6.9 Marketing by Press Releases

Press releases are an admirable way of getting a business site known, and are commonly issued to announce:

1. Launch of a website or service.
2. New relationship with another business.
3. Good news or financial results.
4. Appointment of a senior executive.
5. Important market research findings.

All news is grist to the business mill, and correspondents rely on a steady supply. Distribution is handled by a news bureau, but the companies either write the copy themselves or (generally) employ professionals.

DIY Press Releases

Press releases are written to a standard format:

1. Title: as with the newspaper headline, the intention is to grab the reader's attention.
2. Summary: two or three sentences that stress the importance of the release.
3. Body: two paragraphs giving the details, with individuals quoted.
4. Company information: what the company is and does, location, when founded, etc.
5. Contact information: phone, fax, email, company URL, and name(s) of personnel who can be contacted for more information.

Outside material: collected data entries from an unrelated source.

text \<open>The substitution \<open>s \<mapsto> - y - s\<close> and the symmetries of \<open>f\<close> and \<open>W\<close> show that both
  coordinates contribute equally.\<close>
lemma second_coordinate_risk_eq:
  fixes f :: "real \<times> real \<Rightarrow> real" and W \<phi> :: "real \<Rightarrow> real"
  assumes [measurable]: "f \<in> borel_measurable (borel \<Otimes>\<^sub>M borel)" "W \<in> borel_measurable borel"
    "\<phi> \<in> borel_measurable borel"
    and f_swap: "\<And>z1 z2. f (z1, z2) = f (z2, z1)" and f_neg: "\<And>z1 z2. f (z1, z2) = f (- z1, - z2)"
    and W_even: "\<And>t. W t = W (- t)"
  defines "g \<equiv> \<lambda>z. f (fst z, fst z + snd z)"
  shows "(\<integral>\<^sup>+s. \<integral>\<^sup>+y. ennreal (W (s + y + \<phi> (\<eta> + y))) * ennreal (g (s, y)) \<partial>lborel \<partial>lborel)
    = coordinate_risk g W \<phi> \<eta>"
proof -
  have "(\<integral>\<^sup>+s. \<integral>\<^sup>+y. ennreal (W (s + y + \<phi> (\<eta> + y))) * ennreal (g (s, y)) \<partial>lborel \<partial>lborel)
      = (\<integral>\<^sup>+y. \<integral>\<^sup>+s. ennreal (W (s + y + \<phi> (\<eta> + y))) * ennreal (g (s, y)) \<partial>lborel \<partial>lborel)"
    unfolding g_def by (rule lborel_pair.Fubini'[symmetric]) measurable
  also have "\<dots> = (\<integral>\<^sup>+y. \<integral>\<^sup>+s. ennreal (W (- (s + y) + y + \<phi> (\<eta> + y))) * ennreal (g (- (s + y), y))
      \<partial>lborel \<partial>lborel)"
  proof (rule nn_integral_cong)
    fix y :: real
    define A where "A s = ennreal (W (s + y + \<phi> (\<eta> + y))) * ennreal (g (s, y))" for s
    have [measurable]: "A \<in> borel_measurable borel"
      unfolding A_def g_def prod.sel by measurable
    have "(\<integral>\<^sup>+s. A s \<partial>lborel) = (\<integral>\<^sup>+s. A (- s) \<partial>lborel)"
      by (rule nn_integral_lborel_reflect[symmetric]) measurable
    also have "\<dots> = (\<integral>\<^sup>+s. A (- (s + y)) \<partial>lborel)"
      by (rule nn_integral_lborel_translate[where F = "\<lambda>s. A (- s)", symmetric]) measurable
    finally show "(\<integral>\<^sup>+s. ennreal (W (s + y + \<phi> (\<eta> + y))) * ennreal (g (s, y)) \<partial>lborel)
        = (\<integral>\<^sup>+s. ennreal (W (- (s + y) + y + \<phi> (\<eta> + y))) * ennreal (g (- (s + y), y)) \<partial>lborel)"
      unfolding A_def .
  qed
  also have "\<dots> = (\<integral>\<^sup>+y. \<integral>\<^sup>+s. ennreal (W (s - \<phi> (\<eta> + y))) * ennreal (g (s, y)) \<partial>lborel \<partial>lborel)"
  proof (intro nn_integral_cong)
    fix y s
    have "W (- (s + y) + y + \<phi> (\<eta> + y)) = W (s - \<phi> (\<eta> + y))"
      using W_even[of "s - \<phi> (\<eta> + y)"] by simp
    moreover have "g (- (s + y), y) = g (s, y)"
      using f_neg[of "- (s + y)" "- s"] f_swap[of "s + y" s] by (simp add: g_def add.commute)
    ultimately show "ennreal (W (- (s + y) + y + \<phi> (\<eta> + y))) * ennreal (g (- (s + y), y))
        = ennreal (W (s - \<phi> (\<eta> + y))) * ennreal (g (s, y))"
      by simp
  qed
  also have "\<dots> = coordinate_risk g W \<phi> \<eta>"
    unfolding coordinate_risk_def g_def by (rule lborel_pair.Fubini') measurable
  finally show ?thesis .
qed

lemma risk_eq_coordinate_risk:
  fixes f :: "real \<times> real \<Rightarrow> real" and W \<phi> :: "real \<Rightarrow> real" and \<theta> :: "real \<times> real"
  assumes "f \<in> borel_measurable (borel \<Otimes>\<^sub>M borel)" "W \<in> borel_measurable borel" "\<phi> \<in> borel_measurable borel"
    and "\<And>z1 z2. f (z1, z2) = f (z2, z1)" "\<And>z1 z2. f (z1, z2) = f (- z1, - z2)"
    and "\<And>t. 0 \<le> W t" "\<And>t. W t = W (- t)"
  shows "risk f W \<theta> (\<lambda>x. (fst x - \<phi> (snd x - fst x), snd x + \<phi> (snd x - fst x)))
    = 2 * coordinate_risk (\<lambda>z. f (fst z, fst z + snd z)) W \<phi> (snd \<theta> - fst \<theta>)"
  using risk_eq_coordinates[OF assms(1-3,6)] second_coordinate_risk_eq[OF assms(1-5,7)]
  by (simp add: mult_2)

lemma coordinate_risk_reflect:
  assumes [measurable]: "g \<in> borel_measurable (borel \<Otimes>\<^sub>M borel)" "W \<in> borel_measurable borel"
    "\<phi> \<in> borel_measurable borel"
    and W_even: "\<And>t. W (- t) = W t"
  shows "coordinate_risk (\<lambda>z. g (- fst z, snd z)) W (\<lambda>t. - \<phi> t) \<eta> = coordinate_risk g W \<phi> \<eta>"
proof -
  define F where "F s = (\<integral>\<^sup>+y. ennreal (W (- (s - \<phi> (\<eta> + y)))) * ennreal (g (s, y)) \<partial>lborel)" for s
  have [measurable]: "F \<in> borel_measurable borel"
    unfolding F_def by measurable
  have "coordinate_risk (\<lambda>z. g (- fst z, snd z)) W (\<lambda>t. - \<phi> t) \<eta> = (\<integral>\<^sup>+s. F (- s) \<partial>lborel)"
    unfolding coordinate_risk_def F_def by (simp add: algebra_simps)
  also have "\<dots> = (\<integral>\<^sup>+s. F s \<partial>lborel)"
    by (rule nn_integral_lborel_reflect) measurable
  also have "\<dots> = coordinate_risk g W \<phi> \<eta>"
    unfolding coordinate_risk_def F_def by (simp only: W_even)
  finally show ?thesis .
qed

Editors want news, not company hype, and companies will be more successful if their piece is topical and includes leads to matters of current concern. Proofing is the company's responsibility, not the press bureau's.

Hiring a Pro

Press releases are not difficult, but professionals are always happier working with other professionals. Whatever companies write, therefore, it'll probably be given a final polishing if an advertising agency handles the promotion. Companies need to accept the situation, but make sure the facts are right.

Getting the News Out

Email and the Internet has greatly assisted the dissemination of business news, but the principles remain the same: the press release needs to land promptly on the desks of the relevant journalists and editors. First and foremost, the piece must be relevant to the business publication, and interesting to its readers. Large companies have their own press officers, who keep up contacts in the business world. Smaller companies will also email their piece to editors of likely websites and magazines, but make more use of news bureaus, which email the piece to hundreds, if not thousands, of journalists worldwide. Companies should be aware that:

1. They must check with journalists and editors (phone or slowmail) before emailing that they accept press releases.
2. Results take time: they may have to resubmit.
3. Releases should be brief and to the point: more information will be asked for.
4. Facts and figures should be kept at hand for subsequent phone calls.

Evolving Picture

Press releases today are less aimed at trade and consumer media outlets, and more at providing solid company information to savvy journalists and customers. According to 2005 surveys by Middleberg/Ross and the Pew Internet Project, 98% of journalists go online daily to:

1. Conduct article research. (92%)
2. Find new sources and experts. (76%)
3. Find press releases. (73%)

The trends are reflected in the larger news bureaus. PR Web sends out 60,000-100,000 press release emails daily, and its web-related sites are among the top 2,500 most visited. PR Newswire reaches 22,000 media points in the US, and its articles are archived in over 3,600 web sites, databases and online services.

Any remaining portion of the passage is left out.